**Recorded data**
Content starts

(* Let $\mathbb B^2=\{z\in\mathbb C^2:|z|<1\}$ and let $F:\mathbb B^2\to \mathbb B^2$ be holomorphic. Suppose there exist two complex geodesics $\varphi, \eta:\mathbb D \to \mathbb B^2$ such that $\varphi(\mathbb D)\cap \eta(\mathbb D)=\{z\}$ for some $z\in \mathbb B^2$ and $F$ is an isometry for the Kobayashi metric on $\varphi$ and on $\eta$ (i.e. $F\circ\varphi$ and $F\circ\eta$ are complex geodesics of $\mathbb B^2$). Then $F$ is an automorphism of $\mathbb B^2$.
   Context: $\mathbb D=\{\zeta\in\mathbb C:|\zeta|<1\}$. A complex geodesic of $\mathbb B^2$ is a holomorphic map $\varphi:\mathbb D\to\mathbb B^2$ which is an isometry between the hyperbolic distance of $\mathbb D$ and the Kobayashi distance of $\mathbb B^2$. *)

theory Defs
  imports "HOL-Analysis.Analysis"
begin

text \<open>The unit disc and the unit ball of C^2 (Euclidean norm on complex * complex).\<close>
definition unit_disc :: "complex set" where
  "unit_disc = ball 0 1"

definition B2 :: "(complex \<times> complex) set" where
  "B2 = ball 0 1"

definition cscale2 :: "complex \<Rightarrow> complex \<times> complex \<Rightarrow> complex \<times> complex" where
  "cscale2 c v = (c * fst v, c * snd v)"

definition holo2 :: "(complex \<times> complex \<Rightarrow> complex \<times> complex) \<Rightarrow> (complex \<times> complex) set \<Rightarrow> bool" where
  "holo2 F U \<longleftrightarrow> (\<forall>z\<in>U. \<exists>D. (F has_derivative D) (at z) \<and> (\<forall>c v. D (cscale2 c v) = cscale2 c (D v)))"

definition holo_disc :: "(complex \<Rightarrow> complex \<times> complex) \<Rightarrow> bool" where
  "holo_disc \<phi> \<longleftrightarrow> (\<lambda>t. fst (\<phi> t)) holomorphic_on unit_disc \<and> (\<lambda>t. snd (\<phi> t)) holomorphic_on unit_disc"

definition hyp_dist :: "complex \<Rightarrow> complex \<Rightarrow> real" where
  "hyp_dist a b = artanh (cmod (a - b) / cmod (1 - cnj a * b))"

definition kobayashi_dist :: "(complex \<times> complex) set \<Rightarrow> complex \<times> complex \<Rightarrow> complex \<times> complex \<Rightarrow> real" where
  "kobayashi_dist \<Omega> z w = Inf {(\<Sum>j<m. hyp_dist (a j) (b j)) | m p a b f.
      p 0 = z \<and> p m = w \<and>
      (\<forall>j<m. holo_disc (f j) \<and> f j ` unit_disc \<subseteq> \<Omega> \<and> a j \<in> unit_disc \<and> b j \<in> unit_disc \<and>
              f j (a j) = p j \<and> f j (b j) = p (Suc j))}"

definition complex_geodesic :: "(complex \<Rightarrow> complex \<times> complex) \<Rightarrow> bool" where
  "complex_geodesic \<phi> \<longleftrightarrow> holo_disc \<phi> \<and> \<phi> ` unit_disc \<subseteq> B2 \<and>
     (\<forall>a\<in>unit_disc. \<forall>b\<in>unit_disc. kobayashi_dist B2 (\<phi> a) (\<phi> b) = hyp_dist a b)"

definition automorphism_B2 :: "(complex \<times> complex \<Rightarrow> complex \<times> complex) \<Rightarrow> bool" where
  "automorphism_B2 F \<longleftrightarrow> holo2 F B2 \<and> bij_betw F B2 B2 \<and> holo2 (inv_into B2 F) B2"

end

theory Submission
  imports Defs "HOL-Complex_Analysis.Complex_Analysis"
begin

text \<open>Normalise by automorphisms T1, T2 of the ball with T1 z = 0 and T2 (F z) = 0.
  Pushing radial discs forward by T1\<inverse> shows that the Kobayashi distance from z to p is at most
  artanh \<parallel>T1 p\<parallel>; along a complex geodesic through z this forces equality in the Schwarz lemma,
  so T1 maps it, up to a Moebius reparametrisation, onto a linear disc \<zeta> \<mapsto> \<zeta> v.
  Hence G = T2 \<circ> F \<circ> T1\<inverse> is a holomorphic self-map of the ball fixing 0 which maps two complex
  lines, independent because the geodesics meet only at z, isometrically onto complex lines.
  By the Schwarz lemma on slices G'(0) is a contraction; being isometric on two independent
  lines it is unitary, and Cartan's argument on each slice gives G = G'(0).\<close>

lemma mem_B2: "x \<in> B2 \<longleftrightarrow> norm x < 1"
  by (simp add: B2_def)

lemma mem_unit_disc: "t \<in> unit_disc \<longleftrightarrow> cmod t < 1"
  by (simp add: unit_disc_def)

lemma open_B2: "open B2"
  by (simp add: B2_def)

lemma cscale2_0 [simp]: "cscale2 0 v = 0"
  by (simp add: cscale2_def zero_prod_def)

lemma cscale2_1 [simp]: "cscale2 1 v = v"
  by (simp add: cscale2_def)

lemma cscale2_assoc: "cscale2 a (cscale2 b v) = cscale2 (a * b) v"
  by (simp add: cscale2_def algebra_simps)

lemma norm_cscale2: "norm (cscale2 c v) = cmod c * norm v"
  by (cases v) (simp add: cscale2_def norm_Pair norm_mult power_mult_distrib real_sqrt_mult
      flip: distrib_left)

definition cinner :: "complex \<times> complex \<Rightarrow> complex \<times> complex \<Rightarrow> complex" where
  "cinner x y = fst x * cnj (fst y) + snd x * cnj (snd y)"

lemma cinner_self: "cinner x x = complex_of_real ((norm x)\<^sup>2)"
proof -
  have "(norm x)\<^sup>2 = (cmod (fst x))\<^sup>2 + (cmod (snd x))\<^sup>2"
    by (cases x) (simp add: norm_Pair)
  then show ?thesis
    by (simp only: cinner_def of_real_add complex_norm_square)
qed

lemma norm_eq_iff_cinner_self: "norm x = norm y \<longleftrightarrow> cinner x x = cinner y y"
  unfolding cinner_self of_real_eq_iff by simp

lemma cinner_add_left: "cinner (x + y) z = cinner x z + cinner y z"
  by (simp add: cinner_def algebra_simps)

lemma cinner_cscale2_left: "cinner (cscale2 c x) y = c * cinner x y"
  by (simp add: cinner_def cscale2_def algebra_simps)

lemma cinner_Cauchy_Schwarz: "cmod (cinner x y) \<le> norm x * norm y"
proof -
  have "cmod (cinner x y) \<le> (cmod (fst x), cmod (snd x)) \<bullet> (cmod (fst y), cmod (snd y))"
    by (simp add: cinner_def norm_mult norm_triangle_ineq[THEN order_trans])
  also have "\<dots> \<le> norm x * norm y"
    using norm_cauchy_schwarz[of "(cmod (fst x), cmod (snd x))" "(cmod (fst y), cmod (snd y))"]
    by (cases x, cases y) (simp add: norm_Pair)
  finally show ?thesis .
qed

lemma norm_diff_projection_squared:
  assumes "norm e = 1"
  shows "(norm (x - cscale2 (cinner x e) e))\<^sup>2 = (norm x)\<^sup>2 - (cmod (cinner x e))\<^sup>2"
proof -
  define c where "c = cinner x e"
  have "cinner (x - cscale2 c e) (x - cscale2 c e)
      = cinner x x - cnj c * cinner x e - c * cinner e x + c * cnj c * cinner e e"
    by (simp add: cinner_def cscale2_def algebra_simps)
  also have "\<dots> = cinner x x - c * cnj c"
    using assms by (simp add: c_def cinner_self) (simp add: cinner_def)
  finally have "complex_of_real ((norm (x - cscale2 c e))\<^sup>2) = complex_of_real ((norm x)\<^sup>2 - (cmod c)\<^sup>2)"
    by (simp only: cinner_self complex_norm_square of_real_diff)
  then show ?thesis
    by (simp only: of_real_eq_iff c_def)
qed

lemma norm_add_real_cscale2_squared:
  "(norm (x + cscale2 (complex_of_real t) w))\<^sup>2 = (norm x)\<^sup>2 + 2 * t * Re (cinner x w) + t\<^sup>2 * (norm w)\<^sup>2"
proof -
  have "cinner (x + cscale2 (complex_of_real t) w) (x + cscale2 (complex_of_real t) w)
      = cinner x x + complex_of_real t * (cinner x w + cnj (cinner x w)) + (complex_of_real t)\<^sup>2 * cinner w w"
    by (simp add: cinner_def cscale2_def algebra_simps power2_eq_square)
  from arg_cong[OF this, of Re] show ?thesis
    by (simp add: cinner_self power2_eq_square)
qed

definition clinear2 :: "(complex \<times> complex \<Rightarrow> complex \<times> complex) \<Rightarrow> bool" where
  "clinear2 L \<longleftrightarrow> linear L \<and> (\<forall>c v. L (cscale2 c v) = cscale2 c (L v))"

lemma clinear2_linear: "clinear2 L \<Longrightarrow> linear L"
  by (simp add: clinear2_def)

lemma clinear2_cscale2: "clinear2 L \<Longrightarrow> L (cscale2 c v) = cscale2 c (L v)"
  unfolding clinear2_def by blast

lemma holo2_clinear2: "clinear2 L \<Longrightarrow> holo2 L U"
  unfolding holo2_def clinear2_def
  by (auto intro!: exI[of _ L] bounded_linear_imp_has_derivative simp flip: linear_conv_bounded_linear)

lemma holo2_derivative:
  assumes "holo2 G U" "z \<in> U"
  obtains D where "(G has_derivative D) (at z)" "clinear2 D"
  using assms unfolding holo2_def clinear2_def
  by (metis has_derivative_linear)

lemma holo2_comp:
  assumes "holo2 f U" "holo2 g V" "f ` U \<subseteq> V"
  shows "holo2 (g \<circ> f) U"
  unfolding holo2_def
proof
  fix z assume z: "z \<in> U"
  obtain D1 where D1: "(f has_derivative D1) (at z)" "\<forall>c v. D1 (cscale2 c v) = cscale2 c (D1 v)"
    using assms(1) z unfolding holo2_def by blast
  obtain D2 where D2: "(g has_derivative D2) (at (f z))" "\<forall>c v. D2 (cscale2 c v) = cscale2 c (D2 v)"
    using assms(2,3) z unfolding holo2_def by blast
  show "\<exists>D. ((g \<circ> f) has_derivative D) (at z) \<and> (\<forall>c v. D (cscale2 c v) = cscale2 c (D v))"
    using diff_chain_at[OF D1(1) D2(1)] D1(2) D2(2)
    by (intro exI[of _ "D2 \<circ> D1"]) (simp del: split_paired_All)
qed

lemma holo2_cong:
  assumes "holo2 f U" "open U" "\<And>x. x \<in> U \<Longrightarrow> g x = f x"
  shows "holo2 g U"
  using assms has_derivative_transform_within_open unfolding holo2_def by metis

lemma has_derivative_cscale2_line: "((\<lambda>t. cscale2 t w) has_derivative (\<lambda>h. cscale2 h w)) (at t)"
  unfolding cscale2_def by (auto intro!: derivative_eq_intros)

lemma holo_disc_has_derivative:
  assumes "holo_disc \<gamma>" "t \<in> unit_disc"
  obtains g' where "(\<gamma> has_derivative (\<lambda>h. cscale2 h g')) (at t)"
proof -
  obtain d1 d2 where "((\<lambda>t. fst (\<gamma> t)) has_field_derivative d1) (at t)"
      "((\<lambda>t. snd (\<gamma> t)) has_field_derivative d2) (at t)"
    using assms holomorphic_on_open[of unit_disc] unfolding holo_disc_def unit_disc_def by blast
  from has_derivative_Pair[OF this[unfolded has_field_derivative_def]] that[of "(d1, d2)"]
  show ?thesis by (simp add: cscale2_def mult.commute)
qed

lemma has_field_derivative_cinner_comp:
  assumes "(\<gamma> has_derivative (\<lambda>h. cscale2 h g')) (at t)" "(G has_derivative D) (at (\<gamma> t))"
    and "clinear2 D"
  shows "((\<lambda>t. cinner (G (\<gamma> t)) e) has_field_derivative cinner (D g') e) (at t)"
proof -
  have "((\<lambda>y. cinner y e) has_derivative (\<lambda>y. cinner y e)) (at p)" for p
    unfolding cinner_def by (auto intro!: derivative_eq_intros)
  then have "((\<lambda>y. cinner y e) \<circ> (G \<circ> \<gamma>) has_derivative (\<lambda>y. cinner y e) \<circ> (D \<circ> (\<lambda>h. cscale2 h g'))) (at t)"
    by (intro diff_chain_at assms)
  moreover have "(\<lambda>y. cinner y e) \<circ> (D \<circ> (\<lambda>h. cscale2 h g')) = (*) (cinner (D g') e)"
    by (auto simp: clinear2_cscale2[OF assms(3)] cinner_cscale2_left)
  ultimately show ?thesis
    by (simp add: has_field_derivative_def o_def)
qed

lemma holo_disc_cinner: "holo_disc \<gamma> \<Longrightarrow> (\<lambda>t. cinner (\<gamma> t) e) holomorphic_on unit_disc"
  unfolding holo_disc_def cinner_def by (auto intro!: holomorphic_intros)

Content ends

**Task description**
Copy the records above exactly, beginning at the line that contains "lines it is" and stopping after the line that contains "x)\<^sup>2 = (cmod".

**Solution for this exercise**
  lines it is unitary, and Cartan's argument on each slice gives G = G'(0).\<close>

lemma mem_B2: "x \<in> B2 \<longleftrightarrow> norm x < 1"
  by (simp add: B2_def)

lemma mem_unit_disc: "t \<in> unit_disc \<longleftrightarrow> cmod t < 1"
  by (simp add: unit_disc_def)

lemma open_B2: "open B2"
  by (simp add: B2_def)

lemma cscale2_0 [simp]: "cscale2 0 v = 0"
  by (simp add: cscale2_def zero_prod_def)

lemma cscale2_1 [simp]: "cscale2 1 v = v"
  by (simp add: cscale2_def)

lemma cscale2_assoc: "cscale2 a (cscale2 b v) = cscale2 (a * b) v"
  by (simp add: cscale2_def algebra_simps)

lemma norm_cscale2: "norm (cscale2 c v) = cmod c * norm v"
  by (cases v) (simp add: cscale2_def norm_Pair norm_mult power_mult_distrib real_sqrt_mult
      flip: distrib_left)

definition cinner :: "complex \<times> complex \<Rightarrow> complex \<times> complex \<Rightarrow> complex" where
  "cinner x y = fst x * cnj (fst y) + snd x * cnj (snd y)"

lemma cinner_self: "cinner x x = complex_of_real ((norm x)\<^sup>2)"
proof -
  have "(norm x)\<^sup>2 = (cmod (fst x))\<^sup>2 + (cmod (snd x))\<^sup>2"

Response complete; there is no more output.